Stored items
lemma pi_sum_eq_cycle_sum:
  assumes "finite C" "a \<le> Suc b"
  shows "pi_sum C a b q = cycle_sum (Suc ` C) (Suc b - a + q) (Suc b - a)"
  using assms(2)
proof (induction a arbitrary: q rule: inc_induct)
  case base
  then show ?case using assms(1) by (simp add: pi_sum_empty cycle_sum_0)
next
  case (step a)
  let ?M = "b - a" and ?J = "Suc ` C"
  have "real (Suc ?M + q) * pi_sum C a b q = (\<Sum>c | c \<in> C \<and> c \<le> q. pi_sum C (Suc a) b (q - c))"
    using pi_sum_rec[OF assms(1), of a b q] step.hyps by (simp add: ac_simps)
  also have "\<dots> = (\<Sum>c | c \<in> C \<and> c \<le> q. cycle_sum ?J (?M + (q - c)) ?M)"
    by (simp add: step.IH)
  also have "\<dots> = real (Suc ?M + q) * cycle_sum ?J (Suc ?M + q) (Suc ?M)"
    by (rule cycle_sum_rec_Suc_image[OF assms(1), symmetric])
  finally show ?case
    using step.hyps by (simp add: Suc_diff_le)
qed

theorem mainTheorem8:
  fixes p n q :: nat
  assumes "q \<le> (p * n) div (p + 1)"
  shows "(\<Sum>m\<in>S_set n q p. pi_weight n q m) =
         (\<Sum>k\<in>K_set n q p. 1 / (\<Prod>j=1..p+1. fact (k j) * real j ^ (k j)))"
proof -
  have "q \<le> (p * n) div (p + 1)" by (fact assms)
  also have "\<dots> \<le> ((p + 1) * n) div (p + 1)" by (rule div_le_mono) simp
  also have "\<dots> = n" by (rule nonzero_mult_div_cancel_left) simp
  finally have "q \<le> n" .
  have "(\<Sum>m\<in>S_set n q p. pi_weight n q m) = pi_sum {0..p} 1 (n - q) q"
    unfolding pi_sum_def S_set_def pi_weight_def pi_weight_ivl_def by simp
  also have "\<dots> = cycle_sum {1..p+1} n (n - q)"
    using pi_sum_eq_cycle_sum[of "{0..p}" 1 "n - q" q] \<open>q \<le> n\<close> by simp
  also have "\<dots> = (\<Sum>k\<in>K_set n q p. 1 / (\<Prod>j=1..p+1. fact (k j) * real j ^ (k j)))"
    unfolding cycle_sum_def cycle_types_def K_set_def cycle_weight_def by simp
  finally show ?thesis .
qed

▶ _Description of the task_: The result should be every line that contains "also", copied from the entries.

▶ _Exercise answer_:
  also have "\<dots> = (\<Sum>c | c \<in> C \<and> c \<le> q. cycle_sum ?J (?M + (q - c)) ?M)"
  also have "\<dots> = real (Suc ?M + q) * cycle_sum ?J (Suc ?M + q) (Suc ?M)"
  also have "\<dots> \<le> ((p + 1) * n) div (p + 1)" by (rule div_le_mono) simp
  also have "\<dots> = n" by (rule nonzero_mult_div_cancel_left) simp
  also have "\<dots> = cycle_sum {1..p+1} n (n - q)"
  also have "\<dots> = (\<Sum>k\<in>K_set n q p. 1 / (\<Prod>j=1..p+1. fact (k j) * real j ^ (k j)))"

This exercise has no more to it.